His work Radiowaves (2016), an oil on canvas, is part of the Zeitz MOCAA collection in Cape Town.

=== Residencies and fellowships ===
Ngqinambi has been an artist-in-residence at several international institutions, including Akademie Schloss Solitude in Stuttgart, Germany in 2013), Dakar Biennale in Senegal in 2010 and the SACATAR Foundation, in Brazil. He was also in residency at the Tulipamwe International Artists Workshop, in Namibia and the Bag Factory Artists Studios, in Johannesburg

=== Collections and recognition ===
His work is held in numerous public and private collections, including Iziko South African National Gallery, University of South Africa, University of Cape Town, Sanlam Private Wealth, and Telkom.

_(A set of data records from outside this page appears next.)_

lemma divide_by_pi3:
  fixes a b :: int
  assumes "coprime a b" "a\<^sup>2 + 2 * b\<^sup>2 = 3 ^ Suc x" "3 dvd a - b"
  obtains a' b' where "coprime a' b'" "a'\<^sup>2 + 2 * b'\<^sup>2 = 3 ^ x"
    "a = a' - 2 * b'" "b = a' + b'"
proof -
  obtain k where k: "a - b = 3 * k"
    using assms(3) by blast
  define a' b' where "a' = b + k" and "b' = - k"
  have a: "a = a' - 2 * b'" and b: "b = a' + b'"
    using k unfolding a'_def b'_def by simp_all
  have "3 * (a'\<^sup>2 + 2 * b'\<^sup>2) = 3 * 3 ^ x"
    using assms(2) unfolding a b by (simp add: algebra_simps power2_eq_square)
  then have "a'\<^sup>2 + 2 * b'\<^sup>2 = 3 ^ x"
    by simp
  moreover have "coprime a' b'"
  proof (rule coprimeI)
    fix c
    assume "c dvd a'" "c dvd b'"
    then have "c dvd a" "c dvd b"
      unfolding a b by simp_all
    with \<open>coprime a b\<close> show "is_unit c"
      using coprime_common_divisor by blast
  qed
  ultimately show ?thesis
    using that a b by blast
qed

text \<open>These are the coordinates of \<open>conj (pi3 ^ x) * pi3 = 3 * conj (pi3 ^ (x - 1))\<close>.\<close>

lemma three_dvd_pi3_pow_conj_times_pi3:
  assumes "0 < x"
  shows "3 dvd re (pi3 ^ x) + 2 * im (pi3 ^ x)" "3 dvd re (pi3 ^ x) - im (pi3 ^ x)"
proof -
  obtain y where "x = Suc y"
    using assms gr0_implies_Suc by blast
  then have "re (pi3 ^ x) + 2 * im (pi3 ^ x) = 3 * re (pi3 ^ y)"
    "re (pi3 ^ x) - im (pi3 ^ x) = 3 * (- im (pi3 ^ y))"
    by simp_all
  then show "3 dvd re (pi3 ^ x) + 2 * im (pi3 ^ x)" "3 dvd re (pi3 ^ x) - im (pi3 ^ x)"
    by (metis dvd_triv_left)+
qed

lemma norm_eq_pow3_imp_abs_pi3_pow:
  fixes a b :: int
  assumes "coprime a b" "a\<^sup>2 + 2 * b\<^sup>2 = 3 ^ x"
  shows "\<bar>a\<bar> = \<bar>re (pi3 ^ x)\<bar> \<and> \<bar>b\<bar> = \<bar>im (pi3 ^ x)\<bar>"
  using assms
proof (induction x arbitrary: a b)
  case 0
  then have "a\<^sup>2 + 2 * b\<^sup>2 = 1"
    by simp
  then have "2 * b\<^sup>2 \<le> 1"
    using zero_le_power2[of a] by linarith
  then have "b\<^sup>2 = 0"
    using zero_le_power2[of b] by linarith
  then have "b = 0"
    by simp
  with 0 show ?case
    by (simp add: power2_eq_1_iff)
next
  case (Suc x)
  define p q where "p = re (pi3 ^ x)" and "q = im (pi3 ^ x)"
  have step: "\<bar>a\<bar> = \<bar>re (pi3 ^ Suc x)\<bar> \<and> \<bar>b\<bar> = \<bar>im (pi3 ^ Suc x)\<bar>"
    if hyps: "coprime a b" "a\<^sup>2 + 2 * b\<^sup>2 = 3 ^ Suc x" "3 dvd a - b" for a b :: int
  proof -
    obtain a' b' where ab': "coprime a' b'" "a'\<^sup>2 + 2 * b'\<^sup>2 = 3 ^ x"
      and a: "a = a' - 2 * b'" and b: "b = a' + b'"
      using divide_by_pi3[OF hyps] .
    from Suc.IH[OF ab'] have "a' = p \<or> a' = - p" "b' = q \<or> b' = - q"
      unfolding p_def q_def by (auto simp: abs_eq_iff)
    txt \<open>Matching signs give \<open>\<pm>pi3 ^ Suc x\<close>, opposite signs \<open>\<pm>conj (pi3 ^ x) * pi3\<close>.\<close>
    then consider "\<bar>a\<bar> = \<bar>p - 2 * q\<bar>" "\<bar>b\<bar> = \<bar>p + q\<bar>"
      | "\<bar>a\<bar> = \<bar>p + 2 * q\<bar>" "\<bar>b\<bar> = \<bar>p - q\<bar>"
      unfolding a b by (smt (verit))
    then show ?thesis
    proof cases
      case 1
      then show ?thesis
        by (simp add: p_def q_def)
    next
      case 2
      show ?thesis
      proof (cases "x = 0")
        case True
        with 2 show ?thesis
          by (simp add: p_def q_def)
      next
        case False
        then have "3 dvd \<bar>a\<bar>" "3 dvd \<bar>b\<bar>"
          using 2 three_dvd_pi3_pow_conj_times_pi3[of x] by (simp_all add: p_def q_def)
        then have "3 dvd a" "3 dvd b"
          by simp_all
        with \<open>coprime a b\<close> have "is_unit (3::int)"
          using coprime_common_divisor by blast
        then show ?thesis
          by simp
      qed
    qed
  qed
  have "(a - b) * (a + b) = (a\<^sup>2 + 2 * b\<^sup>2) - 3 * b\<^sup>2"
    by (simp add: algebra_simps power2_eq_square)
  also have "\<dots> = 3 * (3 ^ x - b\<^sup>2)"
    using Suc.prems(2) by simp
  finally have "3 dvd (a - b) * (a + b)"
    by simp
  then have "3 dvd a - b \<or> 3 dvd a - (- b)"
    using prime_dvd_mult_iff[of "3::int"] by simp
  then show ?case
    using step[of a b] step[of a "- b"] Suc.prems by auto
qed

section \<open>Powers of \<open>1 + \<surd>-2\<close> modulo powers of 2\<close>

text \<open>
  \<open>near_one K z\<close>: \<open>z = 1 + 2^K (g1 + g2\<surd>-2)\<close> with \<open>g1\<close> even and \<open>g2\<close> odd, i.e.
  \<open>z \<equiv> 1 (mod 2^(K+1))\<close> while \<open>im z\<close> has 2-adic valuation exactly \<open>K\<close>.
\<close>

definition near_one :: "nat \<Rightarrow> zsqrtm2 \<Rightarrow> bool" where
  "near_one K z \<longleftrightarrow>
     (\<exists>g1 g2. re z = 1 + 2 ^ K * g1 \<and> im z = 2 ^ K * g2 \<and> even g1 \<and> odd g2)"

lemma near_one_square:
  assumes "near_one K z" "1 \<le> K"
  shows "near_one (Suc K) (z\<^sup>2)"
proof -
  obtain g1 g2 where z: "re z = 1 + 2 ^ K * g1" "im z = 2 ^ K * g2" and "even g1" "odd g2"
    using assms(1) unfolding near_one_def by blast
  obtain h where h: "g1 = 2 * h"
    using \<open>even g1\<close> by blast
  define t :: int where "t = 2 ^ K"
  have "even t"
    using assms(2) unfolding t_def by simp
  have "re (z\<^sup>2) = 1 + 2 ^ Suc K * (g1 + t * (g1 * h - g2\<^sup>2))"
    "im (z\<^sup>2) = 2 ^ Suc K * (g2 * (1 + t * g1))"
    unfolding power2_eq_square re_times im_times z t_def[symmetric] h
    by (simp_all add: algebra_simps t_def)
  moreover have "even (g1 + t * (g1 * h - g2\<^sup>2))" "odd (g2 * (1 + t * g1))"
    using \<open>even g1\<close> \<open>odd g2\<close> \<open>even t\<close> by simp_all
  ultimately show ?thesis
    unfolding near_one_def by blast
qed

lemma near_one_mult:
  assumes "near_one K u" "near_one L v" "K < L"
  shows "near_one K (u * v)"
proof -
  obtain g1 g2 where u: "re u = 1 + 2 ^ K * g1" "im u = 2 ^ K * g2" and "even g1" "odd g2"
    using assms(1) unfolding near_one_def by blast
  obtain h1 h2 where v: "re v = 1 + 2 ^ L * h1" "im v = 2 ^ L * h2"
    using assms(2) unfolding near_one_def by blast
  define t :: int where "t = 2 ^ K"
  define r :: int where "r = 2 ^ (L - Suc K)"
  have "(2::int) ^ L = 2 ^ (Suc K + (L - Suc K))"
    using \<open>K < L\<close> by simp
  also have "\<dots> = 2 * t * r"
    unfolding t_def r_def power_add by simp
  finally have "re (u * v) = 1 + t * (g1 + 2 * r * h1 + 2 * t * g1 * r * h1 - 4 * t * g2 * r * h2)"
    "im (u * v) = t * (2 * r * h2 * (1 + t * g1) + g2 + 2 * t * r * g2 * h1)"
    unfolding re_times im_times u v t_def[symmetric] by (simp_all add: algebra_simps)
  moreover have "even (g1 + 2 * r * h1 + 2 * t * g1 * r * h1 - 4 * t * g2 * r * h2)"
    "odd (2 * r * h2 * (1 + t * g1) + g2 + 2 * t * r * g2 * h1)"
    using \<open>even g1\<close> \<open>odd g2\<close> by simp_all
  ultimately show ?thesis
    unfolding near_one_def t_def by blast
qed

Selected auctioned works include:
- True Colours (2013)—oil on canvas, sold at Strauss & Co, 2020.
- Truth (2014)—sold at Strauss & Co, 2021.
- Amsterdam (2012)—sold at Strauss & Co, 2022.

== Themes and impact ==
Ngqinambi’s art often addresses human movement—both physical and metaphorical—exploring migration, exile, and transformation. His imagery captures emotional tension, with figures placed between stillness and motion, dream and memory. He has been recognized as part of the generation of South African artists bridging fine art, film, and performance, contributing to broader conversations on post-apartheid identity and global belonging.

== Workshops and teaching ==
Beyond his studio practice, Ngqinambi has facilitated workshops and cultural exchanges at institutions in Cape Town, Johannesburg, Stuttgart, São Paulo, Wales, and Florence.